Take the material below and reproduce, word for word, only the lines from the line with "using len_p gdist_cart[OF cG cH] gdist_self[of g" through the line with "moreover note layer".
━━ AVAILABLE DATA
text \<open>pg and ph are the projections of p with consecutive repetitions removed; each edge of the
  product moves exactly one coordinate, whence the length identity.\<close>

lemma walk_cart_projections:
  assumes "walk (cart_V VG VH) (cart_E EG EH) p"
  shows "\<exists>pg ph. walk VG EG pg \<and> walk VH EH ph
    \<and> hd pg = fst (hd p) \<and> last pg = fst (last p) \<and> hd ph = snd (hd p) \<and> last ph = snd (last p)
    \<and> length pg + length ph = Suc (length p) \<and> set pg = fst ` set p \<and> set ph = snd ` set p"
  using assms
proof (induction p rule: induct_list012)
  case 1
  then show ?case by (simp add: walk_def)
next
  case (2 x)
  then show ?case by (intro exI[of _ "[fst x]"] exI[of _ "[snd x]"]) (cases x, auto)
next
  case (3 x y zs)
  obtain a b c d where xy: "x = (a, b)" "y = (c, d)" by fastforce
  have "a \<in> VG" "b \<in> VH" "cart_E EG EH x y" "walk (cart_V VG VH) (cart_E EG EH) (y # zs)"
    using "3.prems" xy by auto
  moreover obtain pg ph where IH: "walk VG EG pg" "walk VH EH ph"
    "hd pg = c" "last pg = fst (last (y # zs))" "hd ph = d" "last ph = snd (last (y # zs))"
    "length pg + length ph = Suc (length (y # zs))"
    "set pg = fst ` set (y # zs)" "set ph = snd ` set (y # zs)"
    using "3.IH"(2) calculation(4) xy by auto
  moreover obtain g pg' h ph' where "pg = g # pg'" "ph = h # ph'"
    using walk_not_Nil IH(1,2) by (metis list.exhaust)
  ultimately consider "a = c" "EH b d" | "EG a c" "b = d" using xy by auto
  then show ?case
  proof cases
    case 1
    then show ?thesis using IH xy \<open>b \<in> VH\<close> \<open>ph = h # ph'\<close>
      by (intro exI[of _ pg] exI[of _ "b # ph"]) auto
  next
    case 2
    then show ?thesis using IH xy \<open>a \<in> VG\<close> \<open>pg = g # pg'\<close>
      by (intro exI[of _ "a # pg"] exI[of _ ph]) auto
  qed
qed

lemma gdist_cart:
  assumes "connected_graph VG EG" "connected_graph VH EH"
    and "g \<in> VG" "g' \<in> VG" "h \<in> VH" "h' \<in> VH"
  shows "gdist (cart_V VG VH) (cart_E EG EH) (g, h) (g', h') = gdist VG EG g g' + gdist VH EH h h'"
proof -
  obtain P where "shortest_path VG EG g g' P"
    using connected_graph_shortest_path_exists[OF assms(1,3,4)] .
  then have P: "walk VG EG P" "hd P = g" "last P = g'" "length P = Suc (gdist VG EG g g')"
    unfolding shortest_path_def by auto
  obtain Q where "shortest_path VH EH h h' Q"
    using connected_graph_shortest_path_exists[OF assms(2,5,6)] .
  then have Q: "walk VH EH Q" "hd Q = h" "last Q = h'" "length Q = Suc (gdist VH EH h h')"
    unfolding shortest_path_def by auto
  have "Q \<noteq> []" using walk_not_Nil[OF Q(1)] .
  have P_eq: "[] @ g # tl P = P" using walk_not_Nil[OF P(1)] P(2) by (cases P) auto
  define R where "R = cart_route [] g (tl P) Q"
  have wR: "walk (cart_V VG VH) (cart_E EG EH) R"
    unfolding R_def by (rule walk_cart_route) (use P_eq P(1) Q(1) in auto)
  have ends: "hd R = (g, h)" "last R = (g', h')"
    unfolding R_def hd_cart_route[OF \<open>Q \<noteq> []\<close>] last_cart_route[OF \<open>Q \<noteq> []\<close>] P_eq
    using P Q by auto
  have "length R = Suc (gdist VG EG g g' + gdist VH EH h h')"
    unfolding R_def length_cart_route using P(4) Q(4) by simp
  then have le: "gdist (cart_V VG VH) (cart_E EG EH) (g, h) (g', h') \<le> gdist VG EG g g' + gdist VH EH h h'"
    using gdist_le_length[OF wR ends] by simp
  obtain p where "shortest_path (cart_V VG VH) (cart_E EG EH) (g, h) (g', h') p"
    using shortest_path_exists[OF wR ends] .
  then have wp: "walk (cart_V VG VH) (cart_E EG EH) p" "hd p = (g, h)" "last p = (g', h')"
    and len_p: "length p = Suc (gdist (cart_V VG VH) (cart_E EG EH) (g, h) (g', h'))"
    unfolding shortest_path_def by auto
  obtain pg ph where "walk VG EG pg" "walk VH EH ph" "hd pg = g" "last pg = g'"
    "hd ph = h" "last ph = h'" and len: "length pg + length ph = Suc (length p)"
    using walk_cart_projections[OF wp(1)] wp(2,3) by auto
  then have "gdist VG EG g g' < length pg" "gdist VH EH h h' < length ph"
    by (simp_all add: gdist_le_length)
  with le len len_p show ?thesis by simp
qed

lemma shortest_path_cart_route:
  assumes "connected_graph VG EG" "connected_graph VH EH"
    and P: "shortest_path VG EG g g' (P1 @ u # P2)" and Q: "shortest_path VH EH h h' Q"
  shows "shortest_path (cart_V VG VH) (cart_E EG EH) (g, h) (g', h') (cart_route P1 u P2 Q)"
proof -
  have wP: "walk VG EG (P1 @ u # P2)" and wQ: "walk VH EH Q" using P Q unfolding shortest_path_def by auto
  then have "g \<in> VG" "g' \<in> VG" "h \<in> VH" "h' \<in> VH"
    using P Q walk_hd_in[OF wP] walk_last_in[OF wP] walk_hd_in[OF wQ] walk_last_in[OF wQ]
    unfolding shortest_path_def by auto
  then have "gdist (cart_V VG VH) (cart_E EG EH) (g, h) (g', h') = gdist VG EG g g' + gdist VH EH h h'"
    using gdist_cart[OF assms(1,2)] by simp
  moreover have "Q \<noteq> []" using walk_not_Nil[OF wQ] .
  ultimately show ?thesis
    using walk_cart_route[OF wP wQ] P Q
    unfolding shortest_path_def hd_cart_route[OF \<open>Q \<noteq> []\<close>] last_cart_route[OF \<open>Q \<noteq> []\<close>]
      length_cart_route by simp
qed

lemma walk_map_fst_if_snd_const:
  assumes "graph VH EH" "walk (cart_V VG VH) (cart_E EG EH) p" "snd ` set p = {h}"
  shows "walk VG EG (map fst p)"
  unfolding walk_def
proof (intro conjI allI impI)
  show "map fst p \<noteq> []" using walk_not_Nil[OF assms(2)] by simp
  show "set (map fst p) \<subseteq> VG" using walk_set_subset[OF assms(2)] by (auto simp: cart_V_def)
  fix i assume i: "Suc i < length (map fst p)"
  have "cart_E EG EH (p ! i) (p ! Suc i)" using assms(2) i unfolding walk_def by simp
  moreover have "p ! i \<in> set p" "p ! Suc i \<in> set p" using i by simp_all
  then have "snd (p ! i) = h" "snd (p ! Suc i) = h" using assms(3) by blast+
  moreover have "\<not> EH h h" using assms(1) unfolding graph_def by blast
  ultimately show "EG (map fst p ! i) (map fst p ! Suc i)"
    using i by (cases "p ! i"; cases "p ! Suc i") auto
qed

lemma walk_map_snd_if_fst_const:
  assumes "graph VG EG" "walk (cart_V VG VH) (cart_E EG EH) p" "fst ` set p = {g}"
  shows "walk VH EH (map snd p)"
  unfolding walk_def
proof (intro conjI allI impI)
  show "map snd p \<noteq> []" using walk_not_Nil[OF assms(2)] by simp
  show "set (map snd p) \<subseteq> VH" using walk_set_subset[OF assms(2)] by (auto simp: cart_V_def)
  fix i assume i: "Suc i < length (map snd p)"
  have "cart_E EG EH (p ! i) (p ! Suc i)" using assms(2) i unfolding walk_def by simp
  moreover have "p ! i \<in> set p" "p ! Suc i \<in> set p" using i by simp_all
  then have "fst (p ! i) = g" "fst (p ! Suc i) = g" using assms(3) by blast+
  moreover have "\<not> EG g g" using assms(1) unfolding graph_def by blast
  ultimately show "EH (map snd p ! i) (map snd p ! Suc i)"
    using i by (cases "p ! i"; cases "p ! Suc i") auto
qed

lemma shortest_path_cart_G_layer:
  assumes cG: "connected_graph VG EG" and cH: "connected_graph VH EH"
    and sp: "shortest_path (cart_V VG VH) (cart_E EG EH) (x, h) (y, h) p"
  shows "shortest_path VG EG x y (map fst p) \<and> p = map (\<lambda>a. (a, h)) (map fst p)"
proof -
  have wp: "walk (cart_V VG VH) (cart_E EG EH) p" and ends: "hd p = (x, h)" "last p = (y, h)"
    and len_p: "length p = Suc (gdist (cart_V VG VH) (cart_E EG EH) (x, h) (y, h))"
    using sp unfolding shortest_path_def by auto
  have "(x, h) \<in> cart_V VG VH" "(y, h) \<in> cart_V VG VH"
    using walk_hd_in[OF wp] walk_last_in[OF wp] ends by simp_all
  then have "length p = Suc (gdist VG EG x y)"
    using len_p gdist_cart[OF cG cH] gdist_self[of h VH EH] by simp
  obtain pg ph where "walk VG EG pg" "walk VH EH ph" "hd pg = x" "last pg = y" "hd ph = h"
    and len: "length pg + length ph = Suc (length p)" and set_ph: "set ph = snd ` set p"
    using walk_cart_projections[OF wp] ends by auto
  then have "gdist VG EG x y < length pg" "ph \<noteq> []" by (simp_all add: gdist_le_length walk_not_Nil)
  then have "length ph \<le> 1" using len \<open>length p = Suc (gdist VG EG x y)\<close> by linarith
  then have "ph = [h]" using \<open>ph \<noteq> []\<close> \<open>hd ph = h\<close> by (cases ph) auto
  then have "snd ` set p = {h}" using set_ph by simp
  then have "walk VG EG (map fst p)"
    using walk_map_fst_if_snd_const[OF _ wp] cH unfolding connected_graph_def by blast
  moreover have "map (\<lambda>a. (a, h)) (map fst p) = p"
    unfolding map_map using \<open>snd ` set p = {h}\<close> by (intro map_idI) force
  ultimately show ?thesis
    using ends \<open>length p = Suc (gdist VG EG x y)\<close> walk_not_Nil[OF wp]
    unfolding shortest_path_def by (simp add: hd_map last_map)
qed

lemma shortest_path_cart_H_layer:
  assumes cG: "connected_graph VG EG" and cH: "connected_graph VH EH"
    and sp: "shortest_path (cart_V VG VH) (cart_E EG EH) (g, x) (g, y) p"
  shows "shortest_path VH EH x y (map snd p) \<and> p = map (\<lambda>b. (g, b)) (map snd p)"
proof -
  have wp: "walk (cart_V VG VH) (cart_E EG EH) p" and ends: "hd p = (g, x)" "last p = (g, y)"
    and len_p: "length p = Suc (gdist (cart_V VG VH) (cart_E EG EH) (g, x) (g, y))"
    using sp unfolding shortest_path_def by auto
  have "(g, x) \<in> cart_V VG VH" "(g, y) \<in> cart_V VG VH"
    using walk_hd_in[OF wp] walk_last_in[OF wp] ends by simp_all
  then have "length p = Suc (gdist VH EH x y)"
    using len_p gdist_cart[OF cG cH] gdist_self[of g VG EG] by simp
  obtain pg ph where "walk VG EG pg" "walk VH EH ph" "hd ph = x" "last ph = y" "hd pg = g"
    and len: "length pg + length ph = Suc (length p)" and set_pg: "set pg = fst ` set p"
    using walk_cart_projections[OF wp] ends by auto
  then have "gdist VH EH x y < length ph" "pg \<noteq> []" by (simp_all add: gdist_le_length walk_not_Nil)
  then have "length pg \<le> 1" using len \<open>length p = Suc (gdist VH EH x y)\<close> by linarith
  then have "pg = [g]" using \<open>pg \<noteq> []\<close> \<open>hd pg = g\<close> by (cases pg) auto
  then have "fst ` set p = {g}" using set_pg by simp
  then have "walk VH EH (map snd p)"
    using walk_map_snd_if_fst_const[OF _ wp] cG unfolding connected_graph_def by blast
  moreover have "map (\<lambda>b. (g, b)) (map snd p) = p"
    unfolding map_map using \<open>fst ` set p = {g}\<close> by (intro map_idI) force
  ultimately show ?thesis
    using ends \<open>length p = Suc (gdist VH EH x y)\<close> walk_not_Nil[OF wp]
    unfolding shortest_path_def by (simp add: hd_map last_map)
qed

subsection \<open>Total mutual-visibility sets of the product\<close>

lemma total_mv_set_cart_G_fibre:
  assumes cG: "connected_graph VG EG" and cH: "connected_graph VH EH"
    and Z: "total_mv_set (cart_V VG VH) (cart_E EG EH) Z" and "h \<in> VH"
  shows "total_mv_set VG EG {g. (g, h) \<in> Z}"
  unfolding total_mv_set_def
proof (intro conjI ballI)
  show "{g. (g, h) \<in> Z} \<subseteq> VG" using Z unfolding total_mv_set_def cart_V_def by auto
  fix x y assume "x \<in> VG" "y \<in> VG"
  then have "X_visible (cart_V VG VH) (cart_E EG EH) Z (x, h) (y, h)"
    using Z \<open>h \<in> VH\<close> unfolding total_mv_set_def by simp
  then obtain p where sp: "shortest_path (cart_V VG VH) (cart_E EG EH) (x, h) (y, h) p"
    and "internal p \<inter> Z = {}" unfolding X_visible_def by blast
  moreover note layer = shortest_path_cart_G_layer[OF cG cH sp]
  then have "internal p = (\<lambda>a. (a, h)) ` internal (map fst p)" by (metis internal_map)
  ultimately show "X_visible VG EG {g. (g, h) \<in> Z} x y"
    using layer unfolding X_visible_def by blast
qed
section \<open>Lower triangular matrices\<close>

lemma inj_on_le_self_imp_id:
  fixes f :: "nat \<Rightarrow> nat"
  assumes "\<forall>a<k. f a \<le> a" "inj_on f {..<k}" "a < k"
  shows "f a = a"
  using assms(3)
proof (induction a rule: less_induct)
  case (less a)
  show ?case
  proof (rule ccontr)
    assume "f a \<noteq> a"
    then have "f a < a"
      using assms(1) less.prems by (simp add: le_neq_implies_less)
    moreover have "f a < k"
      using \<open>f a < a\<close> less.prems by simp
    ultimately have "f (f a) = f a"
      using less.IH by blast
    then have "f a = a"
      using inj_onD[OF assms(2)] \<open>f a < k\<close> less.prems by simp
    with \<open>f a \<noteq> a\<close> show False
      by simp
  qed
qed

lemma minor_det_lower_mult:
  assumes L: "lower_triangular n L" and "k \<le> n"
  shows "minor_det (mat_mult n L M) k (\<lambda>i. i) c = (\<Prod>a<k. L a a) * minor_det M k (\<lambda>i. i) c"
proof -
  let ?F = "{..<k} \<rightarrow>\<^sub>E {..<n}"
  let ?id = "restrict (\<lambda>a. a) {..<k}"
  have id: "?id \<in> ?F"
    using assms(2) by auto
  \<comment> \<open>Only the identity row assignment survives: the others either pick an entry of L above the
    diagonal or repeat a row of M.\<close>
  have vanish: "(\<Prod>a<k. L a (f a)) * minor_det M k f c = 0" if f: "f \<in> ?F - {?id}" for f
  proof (cases "\<exists>a<k. a < f a")
    case True
    then obtain a where "a < k" "a < f a"
      by auto
    moreover have "f a < n"
      using f \<open>a < k\<close> by auto
    ultimately have "L a (f a) = 0"
      using L assms(2) unfolding lower_triangular_def by auto
    then show ?thesis
      using \<open>a < k\<close> by (auto simp: prod_zero_iff)
  next
    case False
    have "\<not> inj_on f {..<k}"
    proof
      assume "inj_on f {..<k}"
      then have "\<forall>a<k. f a = a"
        using False inj_on_le_self_imp_id[of k f] by (meson not_le)
      then have "f = ?id"
        using f id by (intro PiE_ext[of f "{..<k}"]) auto
      with f show False
        by simp
    qed
    then obtain a b where "a < k" "b < k" "a \<noteq> b" "f a = f b"
      unfolding inj_on_def by auto
    then show ?thesis
      by (simp add: minor_det_repeated_row)
  qed
  have "minor_det (mat_mult n L M) k (\<lambda>i. i) c = (\<Sum>f\<in>?F. (\<Prod>a<k. L a (f a)) * minor_det M k f c)"
    by (rule minor_det_mult_expand_rows)
  also have "\<dots> = (\<Prod>a<k. L a (?id a)) * minor_det M k ?id c"
    using vanish id by (subst sum.remove[OF _ id]) (auto intro!: sum.neutral simp: finite_PiE)
  also have "\<dots> = (\<Prod>a<k. L a a) * minor_det M k (\<lambda>i. i) c"
    by (intro arg_cong2[where f = "(*)"] prod.cong minor_det_cong) auto
  finally show ?thesis .
qed
(* For every integer $n\ge5$, $3b(n)-\tfrac32\le \tilde m_{\mathrm{opt}}(n)<3b(n)+\tfrac12$; equivalently, $\tilde m_{\mathrm{opt}}(n)$ equals $\lceil 3b(n)-\frac32\rceil$ or $\lceil 3b(n)-\frac32\rceil+1$.
   Context: Let $b(n)=(1+\frac1n)\log_2(n+1)-1$. For $1\le m\le n$ put $E_m[\ell]=\sum_{j=0}^{m-1}\frac{n}{n-j}$ and $\tilde F(m)=\dfrac{2m\,b(n)+\frac12\sum_{j=1}^{m-1}\frac{j(j+1)}{n-j}}{E_m[\ell]}$. Let $\tilde m_{\mathrm{opt}}(n)$ be the smallest $m\in\{1,\dots,n\}$ minimizing $\tilde F(m)$. *)

theory Defs
  imports Complex_Main
begin

definition bfun :: "nat \<Rightarrow> real" where
  "bfun n = (1 + 1 / real n) * log 2 (real n + 1) - 1"

definition Eell :: "nat \<Rightarrow> nat \<Rightarrow> real" where
  "Eell n m = (\<Sum>j = 0..<m. real n / (real n - real j))"

definition Ftilde :: "nat \<Rightarrow> nat \<Rightarrow> real" where
  "Ftilde n m = (2 * real m * bfun n
      + (1/2) * (\<Sum>j = 1..<m. real j * (real j + 1) / (real n - real j))) / Eell n m"

definition mopt :: "nat \<Rightarrow> nat" where
  "mopt n = (LEAST m. m \<in> {1..n} \<and> (\<forall>k \<in> {1..n}. Ftilde n m \<le> Ftilde n k))"

end

theory Submission
  imports Defs
begin

(*
  With b = b(n), E_m = E_m[l] and Delta(m) = sum_{k=1..m} (2b - k) E_k, a telescoping
  computation gives F(m+1) - F(m) = -Delta(m) / ((n - m) E_m E_{m+1}), so the minimiser is
  located by the sign of Delta. Writing 2 Delta(m) = sum_{j<m} n/(n-j) (m-j)(theta-j) with
  theta = 4b - m - 1 and comparing the increasing weights n/(n-j) with their value at theta
  shows Delta(m) <= 0 once m >= 3b - 1/2. Conversely, splitting E_k = k + sum_{j<k} j/(n-j)
  leaves the main term m(m+1)(6b-2m-1)/6 > 0 for m < 3b - 3/2, and the numerical estimate
  3(b+1)^2 <= 4n + 10 (n >= 5) keeps the correction terms below it. So F strictly decreases
  below 3b - 3/2 and does not increase from 3b - 1/2 on, which traps the least minimiser.
*)

lemma log2_le_of_power_le:
  fixes x :: real and p q :: nat
  assumes "0 < x" "0 < q" "x ^ q \<le> 2 ^ p"
  shows "log 2 x \<le> real p / real q"
proof -
  have "real q * log 2 x = log 2 (x ^ q)" using assms(1) by (simp add: log_nat_power)
  also have "\<dots> \<le> log 2 (2 ^ p)" using assms by (subst log_le_cancel_iff) auto
  also have "\<dots> = real p" by simp
  finally show ?thesis using assms(2) by (simp add: field_simps)
qed

lemma square_le_pow2: "6 \<le> j \<Longrightarrow> 64 * (real j + 1)^2 \<le> 49 * 2 ^ j"
proof (induction j rule: nat_induct_at_least)
  case base then show ?case by simp
next
  case (Suc j)
  have "36 \<le> real j * real j" using Suc.hyps mult_mono[of 6 "real j" 6 "real j"] by simp
  then have "64 * (real (Suc j) + 1)^2 \<le> 2 * (64 * (real j + 1)^2)"
    by (simp add: power2_eq_square algebra_simps)
  also have "\<dots> \<le> 2 * (49 * 2 ^ j)" using Suc.IH by simp
  finally show ?case by simp
qed

lemma sum_mult_deviation_le:
  fixes f :: "real \<Rightarrow> real"
  assumes "mono_on S f" "\<theta> \<in> S" "\<And>j. j \<in> A \<Longrightarrow> x j \<in> S" "\<And>j. j \<in> A \<Longrightarrow> 0 \<le> a j"
  shows "(\<Sum>j\<in>A. f (x j) * (a j * (\<theta> - x j))) \<le> f \<theta> * (\<Sum>j\<in>A. a j * (\<theta> - x j))"
proof -
  have "f (x j) * (a j * (\<theta> - x j)) \<le> f \<theta> * (a j * (\<theta> - x j))" if "j \<in> A" for j
  proof (cases "x j \<le> \<theta>")
    case True
    then have "f (x j) \<le> f \<theta>" using assms that by (auto intro: mono_onD)
    then show ?thesis using True assms(4)[OF that] by (intro mult_right_mono) auto
  next
    case False
    then have "f \<theta> \<le> f (x j)" using assms that by (auto intro: mono_onD)
    then show ?thesis using False assms(4)[OF that] by (intro mult_right_mono_neg mult_nonneg_nonpos) auto
  qed
  then show ?thesis by (simp add: sum_distrib_left sum_mono)
qed

lemma mono_on_divide_diff:
  fixes c :: real
  assumes "0 \<le> c"
  shows "mono_on {..<c} (\<lambda>t. c / (c - t))"
proof (rule mono_onI)
  fix r s assume "r \<in> {..<c}" "s \<in> {..<c}" "r \<le> s"
  then show "c / (c - r) \<le> c / (c - s)" using assms by (intro divide_left_mono) auto
qed

lemma sum_lessThan_diff: "(\<Sum>j<k. t - real j) = real k * t - real k * (real k - 1) / 2"
  by (induction k) (simp_all add: field_simps)

lemma sum_lessThan_diff_mult_diff:
  "(\<Sum>j<m. (real m - real j) * (t - real j)) = real m * (real m + 1) * (3 * t - real m + 1) / 6"
proof (induction m)
  case 0 then show ?case by simp
next
  case (Suc m)
  have "(\<Sum>j<Suc m. (real (Suc m) - real j) * (t - real j))
      = (\<Sum>j<m. (real m - real j) * (t - real j)) + (\<Sum>j<Suc m. t - real j)"
    by (simp add: sum.distrib[symmetric] algebra_simps)
  then show ?case unfolding Suc.IH sum_lessThan_diff by (simp add: field_simps)
qed

lemma sum_pos_part_le: "(\<Sum>k=1..m. max 0 (real k - c)) \<le> (real m - c + 1/2)^2 / 2"
proof (induction m)
  case 0 then show ?case by simp
next
  case (Suc m)
  show ?case
  proof (cases "c < real (Suc m)")
    case True
    then have "(\<Sum>k=1..Suc m. max 0 (real k - c)) \<le> (real m - c + 1/2)^2 / 2 + (real m + 1 - c)"
      using Suc.IH by simp
    also have "\<dots> = (real (Suc m) - c + 1/2)^2 / 2" by (simp add: power2_eq_square field_simps)
    finally show ?thesis .
  next
    case False
    then have "(\<Sum>k=1..Suc m. max 0 (real k - c)) = 0" by (intro sum.neutral) auto
    then show ?thesis by simp
  qed
qed

lemma sum_atLeastAtMost_diff_mult:
  "(\<Sum>k=1..m. (2 * b - real k) * real k) = real m * (real m + 1) * (6 * b - 2 * real m - 1) / 6"
  by (induction m) (simp_all add: field_simps)

lemma excess_pos_part_lt:
  fixes b x m d u p :: real
  assumes "1 \<le> m" "0 < d" "0 < x" "x < b - 1" "3 * (b - 1)^2 < 4 * d"
    and "0 \<le> u" "u \<le> m * (m - 1) / (2 * d)" and "0 \<le> p" "p \<le> x^2 / 2"
  shows "u * p < m * (m + 1) * (2 * b - 2 * x) / 6"
proof -
  have "x^2 < (b - 1)^2" using assms by (intro power_strict_mono) auto
  then have x_sq: "3 * x^2 < 4 * d" using assms by linarith
  have "3 * (m - 1) * x^2 \<le> (m + 1) * (3 * x^2)"
    using mult_right_mono[of "3 * (m - 1)" "3 * (m + 1)" "x^2"] by (simp add: algebra_simps)
  also have "\<dots> < (m + 1) * (4 * d)" using x_sq assms by (intro mult_strict_left_mono) auto
  also have "\<dots> \<le> (m + 1) * (4 * d) * (b - x)"
    using mult_left_mono[of 1 "b - x" "(m + 1) * (4 * d)"] assms by simp
  finally have key: "3 * (m - 1) * x^2 < 4 * (m + 1) * d * (b - x)" by (simp add: algebra_simps)
  have "u * p \<le> (m * (m - 1) / (2 * d)) * (x^2 / 2)"
    using assms by (intro mult_mono) auto
  also have "\<dots> = m * (3 * (m - 1) * x^2) / (12 * d)" using assms by (simp add: field_simps)
  also have "\<dots> < m * (4 * (m + 1) * d * (b - x)) / (12 * d)"
    using key assms by (intro divide_strict_right_mono mult_strict_left_mono) auto
  also have "\<dots> = m * (m + 1) * (2 * b - 2 * x) / 6" using assms by (simp add: field_simps)
  finally show ?thesis .
qed

section \<open>Estimates for \<open>b(n)\<close>\<close>

lemma bfun_plus_one:
  assumes "0 < n"
  shows "bfun n + 1 = (real n + 1) / real n * log 2 (real n + 1)"
  using assms by (simp add: bfun_def field_simps)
━━━━
> [EXERCISE RESPONSE]
    using len_p gdist_cart[OF cG cH] gdist_self[of g VG EG] by simp
  obtain pg ph where "walk VG EG pg" "walk VH EH ph" "hd ph = x" "last ph = y" "hd pg = g"
    and len: "length pg + length ph = Suc (length p)" and set_pg: "set pg = fst ` set p"
    using walk_cart_projections[OF wp] ends by auto
  then have "gdist VH EH x y < length ph" "pg \<noteq> []" by (simp_all add: gdist_le_length walk_not_Nil)
  then have "length pg \<le> 1" using len \<open>length p = Suc (gdist VH EH x y)\<close> by linarith
  then have "pg = [g]" using \<open>pg \<noteq> []\<close> \<open>hd pg = g\<close> by (cases pg) auto
  then have "fst ` set p = {g}" using set_pg by simp
  then have "walk VH EH (map snd p)"
    using walk_map_snd_if_fst_const[OF _ wp] cG unfolding connected_graph_def by blast
  moreover have "map (\<lambda>b. (g, b)) (map snd p) = p"
    unfolding map_map using \<open>fst ` set p = {g}\<close> by (intro map_idI) force
  ultimately show ?thesis
    using ends \<open>length p = Suc (gdist VH EH x y)\<close> walk_not_Nil[OF wp]
    unfolding shortest_path_def by (simp add: hd_map last_map)
qed

subsection \<open>Total mutual-visibility sets of the product\<close>

lemma total_mv_set_cart_G_fibre:
  assumes cG: "connected_graph VG EG" and cH: "connected_graph VH EH"
    and Z: "total_mv_set (cart_V VG VH) (cart_E EG EH) Z" and "h \<in> VH"
  shows "total_mv_set VG EG {g. (g, h) \<in> Z}"
  unfolding total_mv_set_def
proof (intro conjI ballI)
  show "{g. (g, h) \<in> Z} \<subseteq> VG" using Z unfolding total_mv_set_def cart_V_def by auto
  fix x y assume "x \<in> VG" "y \<in> VG"
  then have "X_visible (cart_V VG VH) (cart_E EG EH) Z (x, h) (y, h)"
    using Z \<open>h \<in> VH\<close> unfolding total_mv_set_def by simp
  then obtain p where sp: "shortest_path (cart_V VG VH) (cart_E EG EH) (x, h) (y, h) p"
    and "internal p \<inter> Z = {}" unfolding X_visible_def by blast
  moreover note layer = shortest_path_cart_G_layer[OF cG cH sp]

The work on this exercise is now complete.